I began researching the racist legislation of NSW after accidentally catching on to what NSW governments were doing from 1836 (Vagrancy Act); with successive Parliaments of every political leaning using Legislation to identify and permanently extinguish the human/subject/citizenship rights of the Aboriginal peoples of New South Wales, especially their land possession rights. First I stumbled upon the cleverly concealed and thereby suppressed words of the newly enthroned Queen Victoria in 1839, in an Ordinance which plainly spelled out the British subject status and rights of the Aboriginal Tribes and their Elders.

Well it just went from there.

As a law student I had discovered Hansards and Select Committee Reports and evidence, and realised what an incredible file of vile attitudes and behaviours towards the NSW Aboriginal nations was concealed in plain view therein.

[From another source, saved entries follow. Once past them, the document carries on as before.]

(* Let $i,j\in[s]$ (equal or not). Every homomorphism from $F_i^{\bullet\bullet}$ to $F_j^{\bullet\bullet}$ (both viewed as ordinary digraphs), if one exists, is a bijection $V(F_i^{\bullet\bullet})\to V(F_j^{\bullet\bullet})$.
   Context: All digraphs are finite and loopless; a tournament is a digraph in which every pair of distinct vertices is joined by exactly one arc. A homomorphism from a digraph $F$ to a digraph $H$ is a map $\varphi:V(F)\to V(H)$ with $(\varphi(u),\varphi(v))\in E(H)$ whenever $(u,v)\in E(F)$. Construction of $F_i^{\bullet\bullet}$: fix $s\in\mathbb{N}^+$, a positive integer $m$, and a tournament $F_0$ on vertex set $[m]$ satisfying: (I) every vertex has out-degree and in-degree at most $2m/3$; (II) there are no disjoint $A_1,A_2\subseteq[m]$ with $|A_1|=|A_2|=\lceil\sqrt m\,\rceil$ such that $(a_1,a_2)$ is an arc for all $a_1\in A_1,a_2\in A_2$; (III) for every $S\subseteq[m]$ with $|S|\ge 2m/13-\sqrt m$, $F_0[S]$ contains a directed cycle. Let $k_1,\dots,k_s$ be integers in the open interval $(2m/3+2,\,5m/6)$ with $k_i>k_{i+1}+1$ for $1\le i<s$. For $i\in[s]$, $F_i^{\bullet\bullet}$ is the digraph on vertex set $[m]\cup\{z_i,w_i\}$ ($z_i,w_i$ two new vertices, called roots) whose arcs are all arcs of $F_0$, together with the arcs $z_i\to v$ and $v\to w_i$ for every $1\le v\le k_i$, and the arcs $u\to z_i$ and $w_i\to u$ for every $k_i<u\le m$. There is no arc between $z_i$ and $w_i$. *)

theory Defs
  imports Complex_Main
begin

definition is_tournament :: "'a set \<Rightarrow> ('a \<times> 'a) set \<Rightarrow> bool" where
  "is_tournament V E \<longleftrightarrow> E \<subseteq> V \<times> V \<and> (\<forall>v. (v, v) \<notin> E) \<and>
     (\<forall>u\<in>V. \<forall>v\<in>V. u \<noteq> v \<longrightarrow> ((u, v) \<in> E \<longleftrightarrow> (v, u) \<notin> E))"

definition has_dicycle_in :: "('a \<times> 'a) set \<Rightarrow> 'a set \<Rightarrow> bool" where
  "has_dicycle_in E S \<longleftrightarrow> (\<exists>vs. length vs \<ge> 2 \<and> distinct vs \<and> set vs \<subseteq> S \<and>
     (\<forall>i < length vs. (vs ! i, vs ! ((i + 1) mod length vs)) \<in> E))"

definition is_hom :: "'a set \<Rightarrow> ('a \<times> 'a) set \<Rightarrow> 'b set \<Rightarrow> ('b \<times> 'b) set \<Rightarrow> ('a \<Rightarrow> 'b) \<Rightarrow> bool" where
  "is_hom VF EF VH EH f \<longleftrightarrow> f ` VF \<subseteq> VH \<and> (\<forall>(u, v)\<in>EF. (f u, f v) \<in> EH)"

text \<open>Vertices of the rooted digraphs: base vertices 1..m and the two roots z, w.\<close>
datatype vtx = Base nat | Zr | Wr

definition Fbb_verts :: "nat \<Rightarrow> vtx set" where
  "Fbb_verts m = Base ` {1..m} \<union> {Zr, Wr}"

text \<open>Arcs of the digraph with cut parameter kk (i.e. F_i with kk = k_i).\<close>
definition Fbb_arcs :: "(nat \<times> nat) set \<Rightarrow> nat \<Rightarrow> nat \<Rightarrow> (vtx \<times> vtx) set" where
  "Fbb_arcs E0 m kk =
     {(Base u, Base v) | u v. (u, v) \<in> E0}
   \<union> {(Zr, Base v) | v. 1 \<le> v \<and> v \<le> kk}
   \<union> {(Base v, Wr) | v. 1 \<le> v \<and> v \<le> kk}
   \<union> {(Base u, Zr) | u. kk < u \<and> u \<le> m}
   \<union> {(Wr, Base u) | u. kk < u \<and> u \<le> m}"

end

theory Submission
  imports Defs
begin

text \<open>The target digraph is oriented (no loops, no 2-cycles), so a homomorphism cannot identify the
ends of an arc, nor the ends of a directed path of length two. In \<open>F\<^sub>i\<^sup>\<bullet>\<^sup>\<bullet>\<close> any two distinct
vertices other than the two roots are adjacent, and the roots are joined through vertex 1
(\<open>z \<rightarrow> 1 \<rightarrow> w\<close> or \<open>w \<rightarrow> 1 \<rightarrow> z\<close>). Hence every homomorphism is injective, and an injective
self-map of a finite set is a bijection.\<close>

lemma is_hom_inj_on:
  assumes hom: "is_hom VF EF VH EH f" and asym: "asym EH"
    and linked: "\<And>u v. u \<in> VF \<Longrightarrow> v \<in> VF \<Longrightarrow> u \<noteq> v \<Longrightarrow>
                   (u, v) \<in> EF \<union> EF O EF \<or> (v, u) \<in> EF \<union> EF O EF"
  shows "inj_on f VF"
proof (rule inj_onI, rule ccontr)
  have arc: "(f x, f y) \<in> EH" if "(x, y) \<in> EF" for x y
    using hom that unfolding is_hom_def by blast
  have no_collapse: "f x \<noteq> f y" if "(x, y) \<in> EF \<union> EF O EF" for x y
  proof
    assume eq: "f x = f y"
    from that show False
    proof
      assume "(x, y) \<in> EF"
      then show False using arc eq asymD[OF asym] by metis
    next
      assume "(x, y) \<in> EF O EF"
      then obtain z where "(x, z) \<in> EF" "(z, y) \<in> EF" by blast
      then show False using arc eq asymD[OF asym] by metis
    qed
  qed
  fix u v assume "u \<in> VF" "v \<in> VF" "f u = f v" "u \<noteq> v"
  then show False using linked no_collapse by metis
qed

lemma is_hom_bij_betw_self:
  assumes "finite V" "is_hom V EF V EH f" "inj_on f V"
  shows "bij_betw f V V"
  using assms endo_inj_surj unfolding is_hom_def bij_betw_def by blast

lemma asym_Fbb_arcs:
  assumes "is_tournament {1..m} E0"
  shows "asym (Fbb_arcs E0 m kk)"
proof (rule asymI, rule notI)
  fix x y assume "(x, y) \<in> Fbb_arcs E0 m kk" "(y, x) \<in> Fbb_arcs E0 m kk"
  then obtain a b where "(a, b) \<in> E0" "(b, a) \<in> E0"
    unfolding Fbb_arcs_def by auto
  with assms show False unfolding is_tournament_def by (metis SigmaD1 SigmaD2 subsetD)
qed

lemma Fbb_arcs_linked:
  assumes tour: "is_tournament {1..m} E0" and "m \<ge> 1"
    and u: "u \<in> Fbb_verts m" and v: "v \<in> Fbb_verts m" and "u \<noteq> v"
  shows "(u, v) \<in> Fbb_arcs E0 m kk \<union> Fbb_arcs E0 m kk O Fbb_arcs E0 m kk \<or>
         (v, u) \<in> Fbb_arcs E0 m kk \<union> Fbb_arcs E0 m kk O Fbb_arcs E0 m kk"
    (is "?linked u v")
proof -
  let ?E = "Fbb_arcs E0 m kk"
  have roots: "?linked Zr Wr"
  proof (cases "1 \<le> kk")
    case True
    then have "(Zr, Base 1) \<in> ?E" "(Base 1, Wr) \<in> ?E" unfolding Fbb_arcs_def by auto
    then show ?thesis by blast
  next
    case False
    then have "(Wr, Base 1) \<in> ?E" "(Base 1, Zr) \<in> ?E" using \<open>m \<ge> 1\<close> unfolding Fbb_arcs_def by auto
    then show ?thesis by blast
  qed
  have tournament_arc: "(a, b) \<in> E0 \<or> (b, a) \<in> E0" if "a \<in> {1..m}" "b \<in> {1..m}" "a \<noteq> b" for a b
    using tour that unfolding is_tournament_def by blast
  have adjacent: "(u, v) \<in> ?E \<or> (v, u) \<in> ?E" if "{u, v} \<noteq> {Zr, Wr}"
  proof (cases u)
    case (Base a)
    with u have "a \<in> {1..m}" by (auto simp: Fbb_verts_def)
    show ?thesis
    proof (cases v)
      case (Base b)
      with v have "b \<in> {1..m}" by (auto simp: Fbb_verts_def)
      with \<open>a \<in> {1..m}\<close> \<open>u = Base a\<close> Base \<open>u \<noteq> v\<close> have "(a, b) \<in> E0 \<or> (b, a) \<in> E0"
        using tournament_arc by simp
      with \<open>u = Base a\<close> Base show ?thesis by (auto simp: Fbb_arcs_def)
    qed (use \<open>a \<in> {1..m}\<close> Base in \<open>auto simp: Fbb_arcs_def not_le\<close>)
  next
    case Zr
    with that \<open>u \<noteq> v\<close> v obtain b where "v = Base b" "b \<in> {1..m}" by (cases v) (auto simp: Fbb_verts_def)
    with Zr show ?thesis by (auto simp: Fbb_arcs_def not_le)
  next
    case Wr
    with that \<open>u \<noteq> v\<close> v obtain b where "v = Base b" "b \<in> {1..m}" by (cases v) (auto simp: Fbb_verts_def)
    with Wr show ?thesis by (auto simp: Fbb_arcs_def not_le)
  qed
  show ?thesis
    using roots adjacent \<open>u \<noteq> v\<close> by (cases "{u, v} = {Zr, Wr}") (auto simp: doubleton_eq_iff)
qed

theorem claim4p3:
  fixes m s :: nat and E0 :: "(nat \<times> nat) set" and k :: "nat \<Rightarrow> int"
    and i j :: nat and \<phi> :: "vtx \<Rightarrow> vtx"
  assumes spos: "s \<ge> 1" and mpos: "m \<ge> 1"
    and tour: "is_tournament {1..m} E0"
    and degI: "\<forall>u\<in>{1..m}. real (card {v. (u, v) \<in> E0}) \<le> 2 * real m / 3
                          \<and> real (card {v. (v, u) \<in> E0}) \<le> 2 * real m / 3"
    and condII: "\<not> (\<exists>A1 A2. A1 \<subseteq> {1..m} \<and> A2 \<subseteq> {1..m} \<and> A1 \<inter> A2 = {} \<and>
                   int (card A1) = \<lceil>sqrt (real m)\<rceil> \<and> int (card A2) = \<lceil>sqrt (real m)\<rceil> \<and>
                   (\<forall>a1\<in>A1. \<forall>a2\<in>A2. (a1, a2) \<in> E0))"
    and condIII: "\<forall>S\<subseteq>{1..m}. real (card S) \<ge> 2 * real m / 13 - sqrt (real m)
                     \<longrightarrow> has_dicycle_in E0 S"
    and krange: "\<forall>t\<in>{1..s}. 2 * real m / 3 + 2 < real_of_int (k t) \<and> real_of_int (k t) < 5 * real m / 6"
    and kdec: "\<forall>t. 1 \<le> t \<and> t < s \<longrightarrow> k t > k (t + 1) + 1"
    and ij: "i \<in> {1..s}" "j \<in> {1..s}"
    and hom: "is_hom (Fbb_verts m) (Fbb_arcs E0 m (nat (k i))) (Fbb_verts m) (Fbb_arcs E0 m (nat (k j))) \<phi>"
  shows "bij_betw \<phi> (Fbb_verts m) (Fbb_verts m)"
proof -
  have "inj_on \<phi> (Fbb_verts m)"
    using hom asym_Fbb_arcs[OF tour] Fbb_arcs_linked[OF tour mpos] by (rule is_hom_inj_on)
  moreover have "finite (Fbb_verts m)" unfolding Fbb_verts_def by simp
  ultimately show ?thesis using hom by (intro is_hom_bij_betw_self)
qed

end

Like Poe’s Purloined Letter, hidden in plain site. And in all those years of government decrees, promulgations and Laws, from the earliest NSW Government Gazette and Historical Records of Australia to SMH Parliamentary Reports to Hansard Votes and Proceedings to Select Committee Reports and Legislation, I scoured to find and photocopy and convert into Word, every single reference to Aboriginal people by NSW Governments since 1788.

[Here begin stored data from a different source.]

(* Let $X$ be a locale with frame presentation $\mathcal{O}X=\langle G\mid R\rangle$, and regard $\mathcal{O}X$ as the locale whose frame is the Scott topology on the complete lattice $\mathcal{O}X$. If there exists a semi-open quotient locale map $e\colon\Sigma^{\Sigma^G}\to\mathcal{O}X$, then $X$ is locally compact (equivalently, $\mathcal{O}X$ is a continuous dcpo).
   Context: Frames are complete lattices with finite meets distributing over arbitrary joins; a locale $X$ is a frame $\mathcal{O}X$ and a locale map $f\colon X\to Y$ is a frame homomorphism $f^*\colon\mathcal{O}Y\to\mathcal{O}X$. $\Sigma$ is the Sierpiński locale; for a set $G$, $\Sigma^G$ is the locale whose frame is the free frame on $G$, and $\Sigma^{\Sigma^G}$ is its exponential (the locale of Scott opens of the free frame on $G$). A presentation $\mathcal{O}X=\langle G\mid R\rangle$ means $\mathcal{O}X$ is the quotient of the free frame on $G$ by the congruence generated by $R$. Scott topology: $V$ open iff upward closed and whenever the join of a directed set lies in $V$, some member does. A locale map $e\colon Y\to Z$ is a semi-open quotient if $e^*$ has a suplattice retraction, i.e. a map $r\colon\mathcal{O}Y\to\mathcal{O}Z$ preserving arbitrary joins with $r\circ e^*=\mathrm{id}$. Way-below: $a\ll b$ iff whenever $b\le\bigvee D$ with $D$ directed, $a\le d$ for some $d\in D$; a dcpo is continuous if each $b$ is the directed join of $\{a\mid a\ll b\}$. A locale $X$ is locally compact iff $\mathcal{O}X$ is continuous. *)

theory Defs
  imports Main
begin

definition is_frame :: "'a::complete_lattice itself \<Rightarrow> bool" where
  "is_frame _ \<longleftrightarrow> (\<forall>(a::'a) S. inf a (Sup S) = Sup ((inf a) ` S))"

definition directed_set :: "'a::order set \<Rightarrow> bool" where
  "directed_set D \<longleftrightarrow> D \<noteq> {} \<and> (\<forall>x\<in>D. \<forall>y\<in>D. \<exists>z\<in>D. x \<le> z \<and> y \<le> z)"

definition scott_open :: "'a::complete_lattice set \<Rightarrow> bool" where
  "scott_open V \<longleftrightarrow> (\<forall>x y. x \<in> V \<longrightarrow> x \<le> y \<longrightarrow> y \<in> V) \<and>
     (\<forall>D. directed_set D \<longrightarrow> Sup D \<in> V \<longrightarrow> (\<exists>d\<in>D. d \<in> V))"

definition way_below :: "'a::complete_lattice \<Rightarrow> 'a \<Rightarrow> bool" (infix "\<lless>" 50) where
  "a \<lless> b \<longleftrightarrow> (\<forall>D. directed_set D \<longrightarrow> b \<le> Sup D \<longrightarrow> (\<exists>d\<in>D. a \<le> d))"

definition continuous_lattice :: "'a::complete_lattice itself \<Rightarrow> bool" where
  "continuous_lattice _ \<longleftrightarrow>
     (\<forall>b::'a. directed_set {a. a \<lless> b} \<and> b = Sup {a. a \<lless> b})"

text \<open>The free frame on a set G, concretely: the opens of \<Sigma>^G, i.e. the upward-closed
  families (under \<subseteq>) of finite subsets of G. The generator g corresponds to
  {F. g \<in> F}.\<close>
definition fin_subsets :: "'g set \<Rightarrow> 'g set set" where
  "fin_subsets G = {F. finite F \<and> F \<subseteq> G}"

definition free_frame :: "'g set \<Rightarrow> 'g set set set" where
  "free_frame G = {U. U \<subseteq> fin_subsets G \<and>
      (\<forall>F F'. F \<in> U \<longrightarrow> F \<subseteq> F' \<longrightarrow> F' \<in> fin_subsets G \<longrightarrow> F' \<in> U)}"

text \<open>Scott-open subsets of the free frame on G (ordered by \<subseteq>, directed joins are unions).
  These form the frame of opens of the exponential \<Sigma>^(\<Sigma>^G).\<close>
definition scott_open_free :: "'g set \<Rightarrow> 'g set set set \<Rightarrow> bool" where
  "scott_open_free G V \<longleftrightarrow> V \<subseteq> free_frame G \<and>
     (\<forall>U U'. U \<in> V \<longrightarrow> U' \<in> free_frame G \<longrightarrow> U \<subseteq> U' \<longrightarrow> U' \<in> V) \<and>
     (\<forall>D. D \<subseteq> free_frame G \<longrightarrow> D \<noteq> {} \<longrightarrow>
          (\<forall>x\<in>D. \<forall>y\<in>D. \<exists>z\<in>D. x \<subseteq> z \<and> y \<subseteq> z) \<longrightarrow>
          \<Union>D \<in> V \<longrightarrow> (\<exists>d\<in>D. d \<in> V))"

text \<open>A frame presentation \<langle>G | R\<rangle> of the frame 'a amounts to a surjective frame
  homomorphism from the free frame on G onto 'a (the quotient map).\<close>
definition presentation_map :: "'g set \<Rightarrow> ('g set set \<Rightarrow> 'a::complete_lattice) \<Rightarrow> bool" where
  "presentation_map G f \<longleftrightarrow>
     f (fin_subsets G) = top \<and>
     (\<forall>U\<in>free_frame G. \<forall>U'\<in>free_frame G. f (U \<inter> U') = inf (f U) (f U')) \<and>
     (\<forall>S. S \<subseteq> free_frame G \<longrightarrow> f (\<Union>S) = Sup (f ` S)) \<and>
     f ` free_frame G = UNIV"

text \<open>A locale map e : \<Sigma>^(\<Sigma>^G) \<rightarrow> (Scott locale of 'a), given by its frame homomorphism
  e* from the Scott opens of 'a to the Scott opens of the free frame on G.\<close>
definition scott_locale_map :: "'g set \<Rightarrow> ('a::complete_lattice set \<Rightarrow> 'g set set set) \<Rightarrow> bool" where
  "scott_locale_map G e \<longleftrightarrow>
     (\<forall>V. scott_open V \<longrightarrow> scott_open_free G (e V)) \<and>
     e UNIV = free_frame G \<and>
     (\<forall>V W. scott_open V \<longrightarrow> scott_open W \<longrightarrow> e (V \<inter> W) = e V \<inter> e W) \<and>
     (\<forall>S. (\<forall>V\<in>S. scott_open V) \<longrightarrow> e (\<Union>S) = \<Union>(e ` S))"

definition semi_open_quotient :: "'g set \<Rightarrow> ('a::complete_lattice set \<Rightarrow> 'g set set set) \<Rightarrow> bool" where
  "semi_open_quotient G e \<longleftrightarrow> scott_locale_map G e \<and>
     (\<exists>r :: 'g set set set \<Rightarrow> 'a set.
        (\<forall>V. scott_open_free G V \<longrightarrow> scott_open (r V)) \<and>
        (\<forall>S. (\<forall>V\<in>S. scott_open_free G V) \<longrightarrow> r (\<Union>S) = \<Union>(r ` S)) \<and>
        (\<forall>V. scott_open V \<longrightarrow> r (e V) = V))"

end

theory Submission
  imports Defs
begin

In all those years 1836 – 2006, from the feeble beginnings of representative government in NSW, only a tiny handful of MPs and MLAs have ever dared to speak up for Aboriginal people, and when they did it was probably at 3.00 am to an empty House and against their own Party’s policies, with dire and vicious attacks on their words, in Debate, Questions etc to follow. Remarkable standouts were MA Davidson MLA, in Parliament 1918-1948, and Col Markam MP in the 1990s.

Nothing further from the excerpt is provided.